All’indomani dell’emanazione dei Regolamenti per la scuola secondaria di II grado il mondo degli addetti ai lavori scopre che gli impianti sottesi al nuovo ordinamento dei Licei è sensibilmente “altro” rispetto a quelli degli Istituti tecnici e dei professionali. Evviva! Ci voleva molto ad immaginare che cercando di mettere insieme gruppi di lavoro legati a scenari culturali e pedagogici diversi (potrebbe anche non essere influente il particolare che siano stati nominati da ministri di opposte appartenenze), scenari mai esplicitati e discussi nel tentativo di trovare una linea comune e condivisa almeno a livello di linguaggio, si sarebbe arrivati a questo punto di strabismo prospettico? Come dire: un costruttore, non avendo ben chiaro che tipo di palazzo vuole costruire, decide di affidarsi a due architetti diversi, a ciascuno dà un incarico separato, senza costringerli a sedersi intorno ad un tavolo.

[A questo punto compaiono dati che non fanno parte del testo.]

(* Let $A\in\mathbb{R}^{n\times n}$, $B\in\mathbb{R}^{n\times m}$ with $(A,B)$ stabilizable, $Q\succ0$, $R\succ0$, $\alpha>1$, $\gamma,\eta\ge 0$, and let $\tilde F,\tilde P,V$ be as in the context. Consider $\dot x=Ax+Bu$, $x(0)=x_0$, under $u(t)=F_kx_k$ for $t\in[t_k,t_{k+1})$, $\delta_k=t_{k+1}-t_k$, $0=t_0<t_1<\cdots$. If for every $k$ the pair $(F_k,\delta_k)$ is a feasible solution of problem (P1) below (with the current state $x_k$), then the resulting control law is stabilizing and, for all nonzero $x_0$, $\nu(x_0)\le\alpha-1$. Problem (P1), for given $x_k$: minimize over $F_k\in\mathbb{R}^{m\times n}$, $\delta_k$ the objective $-\delta_k+\gamma\|F_k\|_0+\eta\|u_k\|_0$ with $u_k=F_kx_k$, subject to the dynamics with the held input $u(t)=F_kx_k$ and the constraint $J_k(F_k,\xi;x_k)\le\alpha\big(V(x_k)-V(x(t_k+\xi))\big)$ for all $\xi\in[0,\delta_k]$.
   Context: $x_k:=x(t_k)$. $\tilde F\in\mathbb{R}^{m\times n}$ is a fixed gain with $A+B\tilde F$ Hurwitz, $\tilde P\succ0$ is the unique solution of $(A+B\tilde F)^T\tilde P+\tilde P(A+B\tilde F)+Q+\tilde F^TR\tilde F=0$, and $V(x):=x^T\tilde Px$. $\|M\|_0$ denotes the number of nonzero entries of a matrix or vector $M$. For $\xi\ge0$, $J_k(F_k,\xi;x_k):=\int_{t_k}^{t_k+\xi}(x^TQx+u^TRu)\,dt$ with $x$ the trajectory from $x(t_k)=x_k$ under the held input $u=F_kx_k$. $J(x_0):=\sum_{k\ge0}J_k(F_k,\delta_k;x_k)$, $\tilde J(x_0):=x_0^T\tilde Px_0$, $\nu(x_0):=(J(x_0)-\tilde J(x_0))/\tilde J(x_0)$. *)

theory Defs
  imports "HOL-Analysis.Analysis"
begin

definition quad :: "real^'n^'n \<Rightarrow> real^'n \<Rightarrow> real" where
  "quad M x = x \<bullet> (M *v x)"

definition pos_def_mat :: "real^'n^'n \<Rightarrow> bool" where
  "pos_def_mat M \<longleftrightarrow> transpose M = M \<and> (\<forall>x. x \<noteq> 0 \<longrightarrow> 0 < quad M x)"

definition hurwitz :: "real^'n^'n \<Rightarrow> bool" where
  "hurwitz M \<longleftrightarrow>
     (\<forall>(l::complex) (v::complex^'n). v \<noteq> 0 \<and>
        (\<chi> i j. complex_of_real (M $ i $ j)) *v v = l *s v \<longrightarrow> Re l < 0)"

definition stabilizable :: "real^'n^'n \<Rightarrow> real^'m^'n \<Rightarrow> bool" where
  "stabilizable A B \<longleftrightarrow> (\<exists>K::real^'n^'m. hurwitz (A + B ** K))"

definition held_input_traj ::
  "real^'n^'n \<Rightarrow> real^'m^'n \<Rightarrow> real^'m \<Rightarrow> (real \<Rightarrow> real^'n) \<Rightarrow> real \<Rightarrow> real \<Rightarrow> bool" where
  "held_input_traj A B u y a b \<longleftrightarrow>
     (\<forall>s\<in>{a..b}. (y has_vector_derivative (A *v y s + B *v u)) (at s within {a..b}))"

text \<open>J_k(F,xi;xk) computed along a trajectory y with y 0 = xk (time shifted so that t_k = 0).\<close>
definition Jk :: "real^'n^'n \<Rightarrow> real^'m^'m \<Rightarrow> real^'n^'m \<Rightarrow> (real \<Rightarrow> real^'n) \<Rightarrow> real \<Rightarrow> real" where
  "Jk Q R F y \<xi> = integral {0..\<xi>} (\<lambda>s. quad Q (y s) + quad R (F *v y 0))"

text \<open>The objective (involving \<gamma>, \<eta>) does not affect feasibility.\<close>
definition P1_feasible ::
  "real^'n^'n \<Rightarrow> real^'m^'n \<Rightarrow> real^'n^'n \<Rightarrow> real^'m^'m \<Rightarrow> real \<Rightarrow> real^'n^'n
   \<Rightarrow> real^'n \<Rightarrow> real^'n^'m \<Rightarrow> real \<Rightarrow> (real \<Rightarrow> real^'n) \<Rightarrow> bool" where
  "P1_feasible A B Q R \<alpha> P xk F \<delta> y \<longleftrightarrow>
     y 0 = xk \<and> held_input_traj A B (F *v xk) y 0 \<delta> \<and>
     (\<forall>\<xi>\<in>{0..\<delta>}. Jk Q R F y \<xi> \<le> \<alpha> * (quad P xk - quad P (y \<xi>)))"

definition sample_hold_traj ::
  "real^'n^'n \<Rightarrow> real^'m^'n \<Rightarrow> (nat \<Rightarrow> real) \<Rightarrow> (nat \<Rightarrow> real^'n^'m) \<Rightarrow> real^'n
   \<Rightarrow> (real \<Rightarrow> real^'n) \<Rightarrow> bool" where
  "sample_hold_traj A B t F x0 x \<longleftrightarrow>
     t 0 = 0 \<and> strict_mono t \<and> filterlim t at_top sequentially \<and> x 0 = x0 \<and>
     (\<forall>k. held_input_traj A B (F k *v x (t k)) x (t k) (t (Suc k)))"

definition total_cost ::
  "real^'n^'n \<Rightarrow> real^'m^'m \<Rightarrow> (nat \<Rightarrow> real) \<Rightarrow> (nat \<Rightarrow> real^'n^'m) \<Rightarrow> (real \<Rightarrow> real^'n) \<Rightarrow> nat \<Rightarrow> real" where
  "total_cost Q R t F x k = Jk Q R (F k) (\<lambda>s. x (t k + s)) (t (Suc k) - t k)"

definition nu :: "real \<Rightarrow> real^'n^'n \<Rightarrow> real^'n \<Rightarrow> real" where
  "nu J P x0 = (J - quad P x0) / quad P x0"

end

(*
  V(x) = x' P x, with P the solution of the Lyapunov equation for A + B Ft, is a Lyapunov
  function for the sampled closed loop.

  P is positive definite: triangularise A + B Ft = U T U^-1 (complex Schur form). The
  Lyapunov inequality turns into one for the Hermitian form U^* P U with respect to the
  triangular T; testing it on the first unit vector makes the first pivot positive, and the
  Schur complement of that pivot satisfies the same inequality one dimension lower.

  Feasibility of (P1) makes V nonincreasing along the closed loop and bounds the cost of every
  sampling interval by alpha times the decrease of V. The costs therefore telescope to at most
  alpha V(x0), which is nu(x0) <= alpha - 1, and V(x(s)) <= V(x0) bounds ||x(s)|| uniformly.

  If V(x(t_k)) stayed above some eps > 0, every sampling interval would cost at least
  c min(delta_k, h): either the held input is small and the state stays away from the origin
  for a time min(delta_k, h), or it is large and the input cost alone is that big. Summable
  costs would then force sum delta_k < oo, contradicting t_k --> oo.
*)

theory Submission
  imports Defs "Jordan_Normal_Form.Schur_Decomposition"
begin

no_notation vec_index (infixl "$" 100)
no_notation scalar_prod (infix "\<bullet>" 70)

section \<open>Hermitian forms and triangular Lyapunov inequalities\<close>

(* Complex n-vectors and n x n matrices are functions on nat of which only the indices below n
   are read. *)
definition sesq_form ::
    "nat \<Rightarrow> (nat \<Rightarrow> nat \<Rightarrow> complex) \<Rightarrow> (nat \<Rightarrow> complex) \<Rightarrow> (nat \<Rightarrow> complex) \<Rightarrow> complex"
  where
  "sesq_form n H v w = (\<Sum>i<n. \<Sum>j<n. cnj (v i) * H i j * w j)"

definition mat_app :: "nat \<Rightarrow> (nat \<Rightarrow> nat \<Rightarrow> complex) \<Rightarrow> (nat \<Rightarrow> complex) \<Rightarrow> nat \<Rightarrow> complex"
  where
  "mat_app n T v i = (\<Sum>j<n. T i j * v j)"

lemma sesq_form_cong:
  "(\<And>i. i < n \<Longrightarrow> v i = v' i) \<Longrightarrow> (\<And>i. i < n \<Longrightarrow> w i = w' i) \<Longrightarrow>
   sesq_form n H v w = sesq_form n H v' w'"
  unfolding sesq_form_def by (intro sum.cong refl) auto

lemma sesq_form_mat_app_right:
  "sesq_form n S v (mat_app n M w) = sesq_form n (\<lambda>i j. \<Sum>k<n. S i k * M k j) v w"
  unfolding sesq_form_def mat_app_def sum_distrib_left sum_distrib_right
  by (rule sum.cong[OF refl], subst sum.swap) (simp add: mult_ac)

lemma sesq_form_mat_app_left:
  "sesq_form n S (mat_app n P v) w = sesq_form n (\<lambda>i j. \<Sum>k<n. cnj (P k i) * S k j) v w"
proof -
  let ?f = "\<lambda>k j i. cnj (v i) * (cnj (P k i) * S k j) * w j"
  have "sesq_form n S (mat_app n P v) w = (\<Sum>k<n. \<Sum>j<n. \<Sum>i<n. ?f k j i)"
    unfolding sesq_form_def mat_app_def cnj_sum sum_distrib_left sum_distrib_right
    by (simp add: mult_ac)
  also have "\<dots> = (\<Sum>j<n. \<Sum>k<n. \<Sum>i<n. ?f k j i)"
    by (rule sum.swap)
  also have "\<dots> = (\<Sum>j<n. \<Sum>i<n. \<Sum>k<n. ?f k j i)"
    by (rule sum.cong[OF refl], rule sum.swap)
  also have "\<dots> = (\<Sum>i<n. \<Sum>j<n. \<Sum>k<n. ?f k j i)"
    by (rule sum.swap)
  finally show ?thesis
    unfolding sesq_form_def by (simp add: sum_distrib_left sum_distrib_right)
qed

lemma mat_app_mat_app:
  "mat_app n X (mat_app n Y v) = mat_app n (\<lambda>i k. \<Sum>j<n. X i j * Y j k) v"
  unfolding mat_app_def sum_distrib_left sum_distrib_right
  by (intro ext, subst sum.swap) (simp add: mult_ac)

lemma sesq_form_Suc:
  "sesq_form (Suc n) H v w =
     cnj (v 0) * H 0 0 * w 0 + cnj (v 0) * (\<Sum>j<n. H 0 (Suc j) * w (Suc j))
     + (\<Sum>i<n. cnj (v (Suc i)) * H (Suc i) 0) * w 0
     + sesq_form n (\<lambda>i j. H (Suc i) (Suc j)) (\<lambda>i. v (Suc i)) (\<lambda>i. w (Suc i))"
  unfolding sesq_form_def sum.lessThan_Suc_shift
  by (simp add: sum.distrib sum_distrib_left sum_distrib_right algebra_simps)

definition schur_complement :: "(nat \<Rightarrow> nat \<Rightarrow> complex) \<Rightarrow> nat \<Rightarrow> nat \<Rightarrow> complex" where
  "schur_complement H i j = H (Suc i) (Suc j) - H (Suc i) 0 * H 0 (Suc j) / H 0 0"

lemma sesq_form_schur_complement:
  fixes H :: "nat \<Rightarrow> nat \<Rightarrow> complex" and n :: nat
  defines "L \<equiv> \<lambda>y. \<Sum>j<n. H 0 (Suc j) * y j"
  assumes s: "H 0 0 \<noteq> 0" "cnj (H 0 0) = H 0 0"
    and herm: "\<And>j. j < n \<Longrightarrow> H (Suc j) 0 = cnj (H 0 (Suc j))"
  shows "sesq_form (Suc n) H v w =
    sesq_form n (schur_complement H) (\<lambda>i. v (Suc i)) (\<lambda>i. w (Suc i))
    + cnj (v 0 + L (\<lambda>i. v (Suc i)) / H 0 0) * H 0 0 * (w 0 + L (\<lambda>i. w (Suc i)) / H 0 0)"
proof -
  have col: "(\<Sum>i<n. cnj (y i) * H (Suc i) 0) = cnj (L y)" for y
    unfolding L_def cnj_sum by (intro sum.cong refl) (simp add: herm mult.commute)
  have schur: "sesq_form n (schur_complement H) y z
      = sesq_form n (\<lambda>i j. H (Suc i) (Suc j)) y z - cnj (L y) * L z / H 0 0" for y z
    unfolding col[symmetric] unfolding sesq_form_def L_def schur_complement_def
    by (simp add: sum_subtractf sum_distrib_left sum_distrib_right sum_divide_distrib algebra_simps)
  have row: "(\<Sum>j<n. H 0 (Suc j) * y (Suc j)) = L (\<lambda>i. y (Suc i))" for y
    by (simp add: L_def)
  show ?thesis
    unfolding sesq_form_Suc col row schur using s
    by (simp add: field_simps)
qed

Certo gli architetti in fase di progettazione sono entrambi molto contenti, il costruttore non ha grane, e un irenico ottimismo imperversa; peccato che il palazzo, alla fine, venga fuori asimmetrico!

 

E qui siamo al punto: per un’azione di riforma della scuola non si tratta di affidarsi all’ultimo pedagogista alla moda né di alimentare inutili antitesi tra “disciplinaristi” e “competenzialisti” (abbandoneremo mai questa persecuzione dello schieramento aut-aut, guelfi o ghibellini, senza alternative?), ma di mettere in campo un’idea, un progetto di scuola e cercare poi di dargli concretezza, con tutti gli indispensabili apporti ed aggiustamenti necessari. Tà eautou pràttein, diceva Platone essere il fondamento della giustizia, fare ciascuno la propria parte: il campo della pedagogia è definito dalla sua stessa etimologia, da quell’agogein che marca lo stacco tra l’educazione (e la scuola) che ci sono e l’educazione (e la scuola) che dovrebbero esserci, per essere davvero al servizio della persona e non il contrario.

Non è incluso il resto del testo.